I'd recommend not ignoring, because masking within that band will still be important for bit allocation purposes. Rather, back-spreading rolloff (towards the lower frequencies) should be tweaked a bit.
comment:34 by , 11 years ago
Things start to make sense.
Could you tweak the back-spreading and provide the patch for me? I'd like to test that.
by , 11 years ago
Attachment: | ffmpeg_aac320k_collapse5.flac added |
---|
A sound that degrades on FFmpeg native aac encoder.
comment:36 by , 11 years ago
-cutoff 18000 seems to work, but the lowpass filter is too dull, compared to many practical encoders. libavcodec/psymodel.c has the constant FILT_ORDER, and changing the order from 4 to 8 sharpens the filter. But 12 and 16 fails somehow.
comment:37 by , 11 years ago
I hope you're testing with good headphones. HF quality is hard to gauge with speakers, especially since good speakers cost a fortune.
follow-up: 40 comment:39 by , 11 years ago
Replying to Kamedo2:
Yes, I'm testing with good headphones.
The reason I mention this is because, from my experience, FAAC tends to have a low cutoff for some bitrates, that seem optimal with speakers, but sound noticeably dull with headphones.
comment:40 by , 11 years ago
Replying to klaussfreire:
The reason I mention this is because, from my experience, FAAC tends to have a low cutoff for some bitrates, that seem optimal with speakers, but sound noticeably dull with headphones.
Exactly.

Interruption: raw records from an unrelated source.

(* Let $q,n,h,t$ be positive integers with $h\le n$, and suppose $t+1$ divides $q$. For $j\in\{0,1,\dots,t\}$ let $$\mathcal C_q^{(j)}(n;t)=\Big\{\mathbf x\in[q]^n:\ \sum_{i=1}^n x_i\equiv j\pmod{t+1}\Big\}.$$ Then for every $j\in\{0,1,\dots,t\}$, $\mathcal C_q^{(j)}(n;t)$ is an optimal $(\cdot,h,t)$-AED code in $[q]^n$ (i.e., it is $(\cdot,h,t)$-AED and has the largest cardinality among all $(\cdot,h,t)$-AED codes in $[q]^n$), and $|\mathcal C_q^{(j)}(n;t)|=\frac{q^n}{t+1}$.
   Context: $[q]=\{0,1,\dots,q-1\}$. Channel over $[q]$ with $(\cdot,h,t)$-asymmetric errors: an input $\mathbf x\in[q]^n$ can produce any output $\mathbf y\in[q]^n$ satisfying $y_i\ge x_i$ for all $i$, $\sum_{i=1}^n\mathbb 1_{\{y_i\ne x_i\}}\le h$, and $\sum_{i=1}^n(y_i-x_i)\le t$ (no separate bound on the amplitude $y_i-x_i$). $\mathrm{Out}(\mathbf x)$ denotes the set of all such outputs. A code $\mathcal C\subseteq[q]^n$ is $(\cdot,h,t)$-AED if for all $\mathbf x\in\mathcal C$ and $\mathbf y\in\mathrm{Out}(\mathbf x)$ with $\mathbf y\ne\mathbf x$, we have $\mathbf y\notin\mathcal C$. *)

theory Defs
  imports Complex_Main
begin

text \<open>Words in [q]^n are represented as functions nat => nat, with entries at
positions 0..n-1 below q and value 0 at every position >= n.\<close>

definition words :: "nat \<Rightarrow> nat \<Rightarrow> (nat \<Rightarrow> nat) set" where
  "words q n = {x. (\<forall>i<n. x i < q) \<and> (\<forall>i\<ge>n. x i = 0)}"

definition Out :: "nat \<Rightarrow> nat \<Rightarrow> nat \<Rightarrow> nat \<Rightarrow> (nat \<Rightarrow> nat) \<Rightarrow> (nat \<Rightarrow> nat) set" where
  "Out q n h t x = {y \<in> words q n. (\<forall>i<n. x i \<le> y i)
       \<and> card {i. i < n \<and> y i \<noteq> x i} \<le> h
       \<and> (\<Sum>i<n. y i - x i) \<le> t}"

definition AED :: "nat \<Rightarrow> nat \<Rightarrow> nat \<Rightarrow> nat \<Rightarrow> (nat \<Rightarrow> nat) set \<Rightarrow> bool" where
  "AED q n h t C \<longleftrightarrow> C \<subseteq> words q n \<and>
     (\<forall>x\<in>C. \<forall>y\<in>Out q n h t x. y \<noteq> x \<longrightarrow> y \<notin> C)"

definition optimal_AED :: "nat \<Rightarrow> nat \<Rightarrow> nat \<Rightarrow> nat \<Rightarrow> (nat \<Rightarrow> nat) set \<Rightarrow> bool" where
  "optimal_AED q n h t C \<longleftrightarrow> AED q n h t C \<and>
     (\<forall>D. AED q n h t D \<longrightarrow> card D \<le> card C)"

definition sum_code :: "nat \<Rightarrow> nat \<Rightarrow> nat \<Rightarrow> nat \<Rightarrow> (nat \<Rightarrow> nat) set" where
  "sum_code q n t j = {x \<in> words q n. (\<Sum>i<n. x i) mod (t + 1) = j}"

end

theory Submission
  imports Defs "HOL-Library.FuncSet"
begin

text \<open>An output of the channel raises the coordinate sum by at least 1 and at most t, so it
never lands in the same residue class mod t+1: every code C(j) is AED.
Conversely, round the first coordinate of each word down to a multiple of t+1. Two distinct
words with the same rounding differ in one coordinate by at most t, so one is an output of
the other; hence rounding is injective on any AED code, which therefore has at most as many
words as there are rounded words. Rounding is also a bijection from each C(j) onto the rounded
words, because the residue j of the sum pins down the discarded remainder. So all t+1 codes
C(j) have this optimal size, and since they partition [q]^n it equals q^n/(t+1).\<close>

lemma le_add_if_div_eq:
  fixes a b t :: nat
  assumes "a div (t + 1) = b div (t + 1)"
  shows "b \<le> a + t"
proof -
  have "b = b div (t + 1) * (t + 1) + b mod (t + 1)" by (rule div_mult_mod_eq[symmetric])
  moreover have "a = b div (t + 1) * (t + 1) + a mod (t + 1)" using assms by (metis div_mult_mod_eq)
  moreover have "b mod (t + 1) \<le> t" using mod_less_divisor[of "t + 1" b] by linarith
  ultimately show ?thesis by linarith
qed

lemma mod_add_complement:
  fixes a j m :: nat
  assumes "j < m"
  shows "(a + (j + m - a mod m) mod m) mod m = j"
proof -
  have "a + (j + m - a mod m) = (a div m + 1) * m + j"
    using mod_less_divisor[of m a] assms mult_div_mod_eq[of m a] by (simp only: algebra_simps) linarith
  then show ?thesis using assms by (metis mod_add_right_eq mod_mult_self3 mod_less)
qed

lemma add_less_if_dvd:
  fixes a q m r :: nat
  assumes "m dvd a" "m dvd q" "a < q" "r < m"
  shows "a + r < q"
proof -
  have "m \<le> q - a" using assms by (intro dvd_imp_le dvd_diff_nat) auto
  then show ?thesis using assms by linarith
qed

lemma div_add_less_if_dvd:
  fixes a m r :: nat
  assumes "m dvd a" "r < m"
  shows "(a + r) div m = a div m"
proof -
  obtain k where "a = m * k" using assms(1) by (rule dvdE)
  then show ?thesis using assms(2) by (simp add: add.commute[of _ r] mult.commute[of m])
qed

lemma bij_betw_restrict_words:
  "bij_betw (\<lambda>x. restrict x {..<n}) (words q n) ({..<n} \<rightarrow>\<^sub>E {..<q})"
proof (rule bij_betw_byWitness[where f' = "\<lambda>y i. if i < n then y i else 0"])
  show "\<forall>x\<in>words q n. (\<lambda>i. if i < n then restrict x {..<n} i else 0) = x"
    by (auto simp: words_def fun_eq_iff)
  show "\<forall>y\<in>{..<n} \<rightarrow>\<^sub>E {..<q}. restrict (\<lambda>i. if i < n then y i else 0) {..<n} = y"
    by (auto simp: PiE_def extensional_def fun_eq_iff)
  show "(\<lambda>x. restrict x {..<n}) ` words q n \<subseteq> {..<n} \<rightarrow>\<^sub>E {..<q}"
    by (auto simp: words_def PiE_iff split: if_split_asm)
  show "(\<lambda>y i. if i < n then y i else 0) ` ({..<n} \<rightarrow>\<^sub>E {..<q}) \<subseteq> words q n"
    by (auto simp: words_def PiE_def Pi_def)
qed

lemma card_words: "card (words q n) = q ^ n"
  using bij_betw_same_card[OF bij_betw_restrict_words] by (simp add: card_PiE)

lemma finite_words: "finite (words q n)"
  using bij_betw_finite[OF bij_betw_restrict_words] by (simp add: finite_PiE)

lemma words_eq_outside:
  assumes "x \<in> words q n" "y \<in> words q n" "\<not> i < n"
  shows "x i = y i"
  using assms by (simp add: words_def)

lemma sum_eq_if_eq_off_0:
  fixes x y :: "nat \<Rightarrow> nat"
  assumes "0 < n" "\<And>i. i \<noteq> 0 \<Longrightarrow> x i = y i"
  shows "(\<Sum>i<n. x i) + y 0 = (\<Sum>i<n. y i) + x 0"
proof -
  have "(\<Sum>i\<in>{..<n} - {0}. x i) = (\<Sum>i\<in>{..<n} - {0}. y i)"
    using assms(2) by (intro sum.cong) auto
  then show ?thesis
    using sum.remove[of "{..<n}" 0 x] sum.remove[of "{..<n}" 0 y] assms(1) by simp
qed

lemma sum_Out_eq:
  assumes "y \<in> Out q n h t x"
  shows "(\<Sum>i<n. y i) = (\<Sum>i<n. x i) + (\<Sum>i<n. y i - x i)"
proof -
  have "\<forall>i<n. x i \<le> y i" using assms by (simp add: Out_def)
  then have "(\<Sum>i<n. y i) = (\<Sum>i<n. x i + (y i - x i))" by (intro sum.cong) auto
  then show ?thesis by (simp add: sum.distrib)
qed

lemma sum_Out_increase_pos:
  assumes "x \<in> words q n" "y \<in> Out q n h t x" "y \<noteq> x"
  shows "0 < (\<Sum>i<n. y i - x i)"
proof -
  have y: "y \<in> words q n" "\<forall>i<n. x i \<le> y i" using assms(2) by (auto simp: Out_def)
  obtain i where "y i \<noteq> x i" using assms(3) by (auto simp: fun_eq_iff)
  moreover have "i < n" using words_eq_outside[OF assms(1) y(1)] calculation by metis
  ultimately show ?thesis using y(2) by (intro sum_pos2[of _ i]) auto
qed

lemma AED_sum_code: "AED q n h t (sum_code q n t j)"
  unfolding AED_def
proof (intro conjI ballI impI)
  show "sum_code q n t j \<subseteq> words q n" by (auto simp: sum_code_def)
next
  fix x y assume x: "x \<in> sum_code q n t j" and y: "y \<in> Out q n h t x" and "y \<noteq> x"
  have "0 < (\<Sum>i<n. y i - x i)" "(\<Sum>i<n. y i - x i) \<le> t"
    using sum_Out_increase_pos[OF _ y \<open>y \<noteq> x\<close>] x y by (auto simp: sum_code_def Out_def)
  then have "\<not> (t + 1) dvd (\<Sum>i<n. y i - x i)" by (auto dest: dvd_imp_le)
  then have "(\<Sum>i<n. y i) mod (t + 1) \<noteq> (\<Sum>i<n. x i) mod (t + 1)"
    by (simp add: sum_Out_eq[OF y] mod_eq_dvd_iff_nat)
  then show "y \<notin> sum_code q n t j" using x by (simp add: sum_code_def)
qed

definition round_down0 :: "nat \<Rightarrow> (nat \<Rightarrow> nat) \<Rightarrow> nat \<Rightarrow> nat" where
  "round_down0 m x = x(0 := m * (x 0 div m))"

definition block_words :: "nat \<Rightarrow> nat \<Rightarrow> nat \<Rightarrow> (nat \<Rightarrow> nat) set" where
  "block_words q n m = {x \<in> words q n. m dvd x 0}"

lemma round_down0_eq_iff:
  assumes "0 < m"
  shows "round_down0 m x = round_down0 m y \<longleftrightarrow>
    (\<forall>i. i \<noteq> 0 \<longrightarrow> x i = y i) \<and> x 0 div m = y 0 div m"
proof -
  have "round_down0 m x = round_down0 m y \<longleftrightarrow>
      (\<forall>i. i \<noteq> 0 \<longrightarrow> x i = y i) \<and> m * (x 0 div m) = m * (y 0 div m)"
    unfolding round_down0_def fun_eq_iff by (metis fun_upd_apply)
  then show ?thesis using assms by simp
qed

lemma round_down0_in_block_words:
  assumes "x \<in> words q n"
  shows "round_down0 m x \<in> block_words q n m"
proof -
  have "0 < n \<Longrightarrow> m * (x 0 div m) < q"
    using assms by (auto simp: words_def intro: le_less_trans[OF times_div_less_eq_dividend])
  then show ?thesis using assms by (auto simp: round_down0_def block_words_def words_def)
qed

lemma finite_block_words: "finite (block_words q n m)"
  using finite_words by (rule rev_finite_subset) (auto simp: block_words_def)

lemma Out_if_raise_0:
  assumes "x \<in> words q n" "y \<in> words q n" "0 < h" "\<And>i. i \<noteq> 0 \<Longrightarrow> x i = y i"
    and "x 0 \<le> y 0" "y 0 \<le> x 0 + t"
  shows "y \<in> Out q n h t x"
proof -
  have "card {i. i < n \<and> y i \<noteq> x i} \<le> card {0::nat}"
    using assms(4) by (intro card_mono) force+
  then have "card {i. i < n \<and> y i \<noteq> x i} \<le> h" using assms(3) by simp
  moreover have "(\<Sum>i<n. y i - x i) = (\<Sum>i<n. if i = 0 then y 0 - x 0 else 0)"
    using assms(4) by (intro sum.cong) auto
  then have "(\<Sum>i<n. y i - x i) \<le> t" using assms(6) by auto
  moreover have "\<forall>i<n. x i \<le> y i" using assms(4,5) by (metis eq_imp_le)
  ultimately show ?thesis using assms(2) by (simp add: Out_def)
qed

lemma inj_on_round_down0_AED:
  assumes "AED q n h t D" "0 < h"
  shows "inj_on (round_down0 (t + 1)) D"
proof -
  have "x = y" if xy: "x \<in> D" "y \<in> D" "round_down0 (t + 1) x = round_down0 (t + 1) y"
    and le: "x 0 \<le> y 0" for x y
  proof (rule ccontr)
    assume "x \<noteq> y"
    have off0: "\<And>i. i \<noteq> 0 \<Longrightarrow> x i = y i" and "x 0 div (t + 1) = y 0 div (t + 1)"
      using xy(3) round_down0_eq_iff[of "t + 1" x y] by auto
    then have "y \<in> Out q n h t x"
      using assms xy le by (intro Out_if_raise_0 le_add_if_div_eq) (auto simp: AED_def)
    then show False using assms(1) xy \<open>x \<noteq> y\<close> by (auto simp: AED_def)
  qed
  then show ?thesis by (intro inj_onI) (metis nle_le)
qed

lemma card_AED_le:
  assumes "AED q n h t D" "0 < h"
  shows "card D \<le> card (block_words q n (t + 1))"
proof -
  have "round_down0 (t + 1) ` D \<subseteq> block_words q n (t + 1)"
    using assms(1) round_down0_in_block_words by (auto simp: AED_def)
  then show ?thesis
    using inj_on_round_down0_AED[OF assms] finite_block_words by (intro card_inj_on_le)
qed

lemma inj_on_round_down0_sum_code:
  assumes "0 < n"
  shows "inj_on (round_down0 (t + 1)) (sum_code q n t j)"
proof
  fix x y assume x: "x \<in> sum_code q n t j" and y: "y \<in> sum_code q n t j"
    and "round_down0 (t + 1) x = round_down0 (t + 1) y"
  then have off0: "\<And>i. i \<noteq> 0 \<Longrightarrow> x i = y i" and div: "x 0 div (t + 1) = y 0 div (t + 1)"
    using round_down0_eq_iff[of "t + 1" x y] by auto
  have "((\<Sum>i<n. y i) + x 0) mod (t + 1) = ((\<Sum>i<n. x i) + y 0) mod (t + 1)"
    using sum_eq_if_eq_off_0[of n x y, OF assms off0] by simp
  also have "\<dots> = ((\<Sum>i<n. x i) mod (t + 1) + y 0) mod (t + 1)" by (simp add: mod_add_left_eq)
  also have "\<dots> = ((\<Sum>i<n. y i) mod (t + 1) + y 0) mod (t + 1)" using x y by (simp add: sum_code_def)
  also have "\<dots> = ((\<Sum>i<n. y i) + y 0) mod (t + 1)" by (simp add: mod_add_left_eq)
  finally have "((\<Sum>i<n. y i) + x 0) mod (t + 1) = ((\<Sum>i<n. y i) + y 0) mod (t + 1)" .
  then have "x 0 mod (t + 1) = y 0 mod (t + 1)" by (simp add: nat_mod_eq_iff)
  then have "x 0 = y 0" using div div_mult_mod_eq[of "x 0" "t + 1"] div_mult_mod_eq[of "y 0" "t + 1"] by simp
  show "x = y"
  proof
    fix i show "x i = y i" using off0 \<open>x 0 = y 0\<close> by (cases "i = 0") auto
  qed
qed

text \<open>The preimage of y raises y 0 by the remainder r that makes the coordinate sum
congruent to j; it stays below q because q is a multiple of t + 1.\<close>

lemma block_words_subset_round_down0_sum_code:
  assumes "0 < n" "(t + 1) dvd q" "j \<le> t"
  shows "block_words q n (t + 1) \<subseteq> round_down0 (t + 1) ` sum_code q n t j"
proof
  fix y assume y: "y \<in> block_words q n (t + 1)"
  define r where "r = (j + (t + 1) - (\<Sum>i<n. y i) mod (t + 1)) mod (t + 1)"
  define x where "x = y(0 := y 0 + r)"
  have r: "r < t + 1" by (simp add: r_def)
  have "y 0 < q" using y assms(1) by (simp add: block_words_def words_def)
  then have "y 0 + r < q" using y assms(2) r by (intro add_less_if_dvd) (auto simp: block_words_def)
  then have "x \<in> words q n" using y assms(1) by (auto simp: x_def block_words_def words_def)
  moreover have "(\<Sum>i<n. x i) = (\<Sum>i<n. y i) + r"
    using sum_eq_if_eq_off_0[OF assms(1), of x y] by (simp add: x_def)
  then have "(\<Sum>i<n. x i) mod (t + 1) = j"
    using mod_add_complement[of j "t + 1"] assms(3) by (simp add: r_def)
  ultimately have "x \<in> sum_code q n t j" by (simp add: sum_code_def)
  moreover have "(t + 1) dvd y 0" using y by (simp add: block_words_def)
  then have "(t + 1) * ((y 0 + r) div (t + 1)) = y 0"
    using r by (simp only: div_add_less_if_dvd dvd_mult_div_cancel)
  then have "round_down0 (t + 1) x = y" by (auto simp: round_down0_def x_def)
  ultimately show "y \<in> round_down0 (t + 1) ` sum_code q n t j" by blast
qed

lemma card_sum_code_eq_block_words:
  assumes "0 < n" "(t + 1) dvd q" "j \<le> t"
  shows "card (sum_code q n t j) = card (block_words q n (t + 1))"
proof -
  have "round_down0 (t + 1) ` sum_code q n t j = block_words q n (t + 1)"
    using block_words_subset_round_down0_sum_code[OF assms] round_down0_in_block_words
    by (fastforce simp: sum_code_def)
  then show ?thesis using card_image[OF inj_on_round_down0_sum_code[OF assms(1), of t q j]] by simp
qed

lemma words_eq_UN_sum_code: "words q n = (\<Union>j\<le>t. sum_code q n t j)"
  by (auto simp: sum_code_def)

lemma card_words_eq_sum_card_sum_code:
  "card (words q n) = (\<Sum>j\<le>t. card (sum_code q n t j))"
  unfolding words_eq_UN_sum_code[of q n t]
  by (rule card_UN_disjoint) (auto simp: sum_code_def intro: rev_finite_subset[OF finite_words])

theorem theorem4:
  fixes q n h t j :: nat
  assumes "0 < q" and "0 < n" and "0 < h" and "0 < t" and "h \<le> n"
    and "(t + 1) dvd q" and "j \<le> t"
  shows "optimal_AED q n h t (sum_code q n t j)
         \<and> real (card (sum_code q n t j)) = real q ^ n / real (t + 1)"
proof -
  have card_eq: "card (sum_code q n t j') = card (block_words q n (t + 1))" if "j' \<le> t" for j'
    using card_sum_code_eq_block_words[OF assms(2,6) that] .
  have "optimal_AED q n h t (sum_code q n t j)"
    using AED_sum_code card_AED_le[OF _ assms(3)] card_eq[OF assms(7)]
    by (simp add: optimal_AED_def)
  moreover have "q ^ n = (t + 1) * card (sum_code q n t j)"
    using card_words_eq_sum_card_sum_code[of q n t] card_eq card_eq[OF assms(7)]
    by (simp add: card_words)
  then have "real q ^ n = real (t + 1) * real (card (sum_code q n t j))"
    by (metis of_nat_mult of_nat_power)
  ultimately show ?thesis by (simp add: field_simps)
qed

end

FAAC cutoff is rather annoyingly low in 96kbps, 64kbps, and 32kbps, and the filter is the major reason why FAAC never beats Nero.
BTW, any prospects for fixing samples 1, 4, 5, and white noise? 4 and 5 is bad at 320kbps and whitenoise.flac is bad at 384kbps. Both regain quality by -cutoff 18000.
comment:41 by , 11 years ago
from line 300:
const int chan_bitrate = ctx->avctx->bit_rate / ((ctx->avctx->flags & CODEC_FLAG_QSCALE) ? 2.0f : ctx->avctx->channels);
to:
const int chan_bitrate = FFMIN(ctx->avctx->bit_rate, 240000) / ((ctx->avctx->flags & CODEC_FLAG_QSCALE) ? 2.0 : ctx->avctx->channels);
significantly improves the quality. Bitrates remain relatively high in this change.
I have not tested all cases, but it works on 256kbps, 320kbps, and 384kbps on many sounds.
comment:42 by , 11 years ago
I've listened to over 100 samples of diverse music and speech records. No problem so far. It works on 96, 112, 128,... 256kbps, but hangs on 288kbps.
follow-up: 44 comment:43 by , 11 years ago
Yeah, but because you're capping psy's bitrate target to non-problematic rates. I don't think that's ideal, though that indeed proves the problem lies in psy.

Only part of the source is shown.